FEMME DU MOIS –
Par Martine Laval
Prendre soin des gens différents est le moteur de sa vie
Résiliente au plus haut point, le chemin douloureux parcouru par Louise Tremblay s’est transformé en une vie emplie d’amour, d’aide et de partage. Dès les premiers instants de vie, l’existence de la petite Louise est souffrante. Mise en adoption, son tout petit cœur connaît déjà la détresse de l’abandon et le besoin incommensurable de tendresse et d’amour. Bien qu’ayant trouvé «parents preneurs», Louise vit une douleur profonde insurmontable pour laquelle la seule solution pour elle sera de se faire violence pour tenter d’étouffer ce qu’elle ressent.
Alors que ni son cœur ni son corps ne trouvent place en ce monde, elle gardera toutefois un souvenir impérissable de ses années d’études durant lesquelles, pensionnaire, elle s’est sentie aimée et soutenue par la communauté religieuse. Elle trouvera sa bouée de sauvetage dans le dessin et la peinture et fera ses Beaux-Arts à l’Université Concordia. Son talent est indéniable, et ses aquarelles magnifiques.
Au travers d’une vie intérieure tourmentée et d’épreuves de vie qui auraient pu faire en sorte que Louise veuille en finir avec cette existence insupportable, elle s’accrochera à la vie en offrant ses services aux personnes handicapées intellectuellement. Celle qui rêvait de devenir missionnaire s’implique tôt et donne au suivant de façon tout à fait naturelle. Elle suivra des formations, travaillera dans le milieu de l’entraide et du soutien familial, apprendra à faire le nécessaire auprès de ces gens différents, comme une vraie professionnelle. Pour elle, ça passe par le cœur… et de l’amour, Louise en a à revendre.

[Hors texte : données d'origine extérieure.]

(* Let $M,N\ge 1$ be integers and let $\mathcal{X}=\{\mathrm{x}_1,\dots,\mathrm{x}_M\}$ and $\mathcal{Y}=\{\mathrm{y}_1,\dots,\mathrm{y}_N\}$ be two disjoint finite sets of points. Let $d_{\mathcal{X}}:\mathcal{X}\times\mathcal{X}\to\mathbb{R}^+$ and $d_{\mathcal{Y}}:\mathcal{Y}\times\mathcal{Y}\to\mathbb{R}^+$ be symmetric non-negative distance functions. Let $\mathrm{o}_{\mathcal{X}},\mathrm{o}_{\mathcal{Y}}$ be points (origins) and let $u_{\mathcal{X}}:\mathcal{X}\times\{\mathrm{o}_{\mathcal{X}}\}\to\mathbb{R}^+$ and $u_{\mathcal{Y}}:\mathcal{Y}\times\{\mathrm{o}_{\mathcal{Y}}\}\to\mathbb{R}^+$ be non-negative functions (distances to origin). Assume that each of the sets of values of $d_{\mathcal{X}}$, $d_{\mathcal{Y}}$, $u_{\mathcal{X}}$, $u_{\mathcal{Y}}$ contains at least one non-zero value. Let $f:\mathcal{X}\times\mathcal{Y}\to\mathbb{R}^+$ be a non-negative function which is not identically $0$, and write $p(\mathrm{x},\mathrm{y})=p(\mathrm{y},\mathrm{x})=f(\mathrm{x},\mathrm{y})$ for $\mathrm{x}\in\mathcal{X},\mathrm{y}\in\mathcal{Y}$. Let $\mathrm{o}\notin\mathcal{X}\cup\mathcal{Y}$ be a further (theoretical origin) point and $\mathcal{W}=\mathcal{X}\cup\mathcal{Y}\cup\{\mathrm{o}\}$, which has $S=M+N+1$ elements. Then there exists $\varepsilon>0$ such that the symmetric function $f^{\varepsilon}:\mathcal{W}\times\mathcal{W}\to\mathbb{R}^+$ defined by $$f^{\varepsilon}(\mathrm{w},\mathrm{w}')=\begin{cases}0 & \text{if } \mathrm{w}=\mathrm{w}',\\ \big(u_{\mathcal{A}}(\mathrm{w},\mathrm{o}_{\mathcal{A}})^2+\varepsilon\big)^{1/2} & \text{if } \mathrm{w}\in\mathcal{A},\ \mathrm{w}'=\mathrm{o}\ \text{(or vice versa)},\ \mathcal{A}\in\{\mathcal{X},\mathcal{Y}\},\\ \big(d_{\mathcal{A}}(\mathrm{w},\mathrm{w}')^2+\varepsilon\big)^{1/2} & \text{if } \mathrm{w}\neq\mathrm{w}',\ \mathrm{w},\mathrm{w}'\in\mathcal{A},\ \mathcal{A}\in\{\mathcal{X},\mathcal{Y}\},\\ \big(p(\mathrm{w},\mathrm{w}')^2+\varepsilon\big)^{1/2} & \text{if } \mathrm{w}\in\mathcal{X},\mathrm{w}'\in\mathcal{Y} \text{ or vice versa},\end{cases}$$ has the property that $\mathcal{W}$ can be embedded into the Euclidean space $\mathbb{R}^{Q}$, $Q=M+N+2$, with respect to $f^{\varepsilon}$; that is, there is a map $\phi:\mathcal{W}\to\mathbb{R}^{Q}$ which is a bijection onto its image such that $\|\phi(\mathrm{w})-\phi(\mathrm{w}')\|_{\mathbb{R}^Q}=f^{\varepsilon}(\mathrm{w},\mathrm{w}')$ for all $\mathrm{w},\mathrm{w}'\in\mathcal{W}$.
   Context: $\mathbb{R}^+$ denotes the non-negative reals and $\|\cdot\|_{\mathbb{R}^Q}$ the Euclidean norm. A set $\mathcal{V}$ equipped with a symmetric non-negative function $h$ on $\mathcal{V}\times\mathcal{V}$ is said to be embeddable into $\mathbb{R}^Q$ with respect to $h$ if there is a bijection $\phi$ from $\mathcal{V}$ onto a subset of $\mathbb{R}^Q$ with $\|\phi(\mathrm{v})-\phi(\mathrm{v}')\|=h(\mathrm{v},\mathrm{v}')$ for all $\mathrm{v},\mathrm{v}'\in\mathcal{V}$. *)

theory Defs
  imports "HOL-Analysis.Analysis"
begin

Elle travaillera dans le monde de l’édition, du graphisme, du cinéma et de la télévision. Elle continuera son dessin, son aquarelle, son théâtre et trouvera le temps de partager son savoir autour d’elle. Elle exposera même ses œuvres. Puis le monde de la bande dessinée s’ouvre à elle. (C’est d’ailleurs lors du 1er Festival BD de Prévost que j’ai rencontré cette femme exceptionnelle.) «La BD est une passion qui rejoint mon imaginaire. Elle me permet de rêver dans ce monde qui pour moi n’a pas toujours été rose». Elle déploiera les efforts nécessaires pour faire connaître les bédéistes québécois à l’étranger en participant à l’organisation des festivals à Québec et à Montréal. Elle donnera des conférences dans le milieu. Sa connaissance de la BD et la collection qu’elle s’est bâtie au fil des ans sont toutes deux impressionnantes. Elle partagera cette passion avec ses trois filles.
Dans ce qu’elle a baptisé L’eau-jour-d’oui (eau pour son amour de l’aquarelle, jour pour un jour à la fois dans le processus de la guérison du cœur, et oui pour la décision qu’elle a prise de dire «oui à la vie»), Louise a fait de sa maison, son havre de paix, lieu d’accueil et de soins pour les personnes « différentes » et leur famille. Elle donne des soins à domicile, propose du répit aux parents d’enfants handicapés intellectuellement ou physiquement, autistes ou atteints de maladies dégénératives incurables ou méconnues, demandant une attention de tous les instants. Son havre de paix devient une oasis de calme et de
réconfort, où les parents peuvent laisser en toute confiance leurs êtres chers demandant une immense énergie et une surveillance constante. Les précieux services que Louise offre, ses soins attentifs, son
attention dénuée de tout jugement devient un
cadeau de la vie précieux pour ces personnes
dévouées qui ont toutefois besoin de respirer un peu pour eux-mêmes. Heureuse dans son travail et sa mission de vie, sa source est comblée. «C’est dans cette voie que je me sens bien. Ça me rend heureuse» exprime celle qui a transposé ses douleurs personnelles en don de soi pour autrui.
Femme admirable, être d’exception sensible,
dévouée et aimante, Louise a trouvé dans son désir d’aider, son ancre à la vie.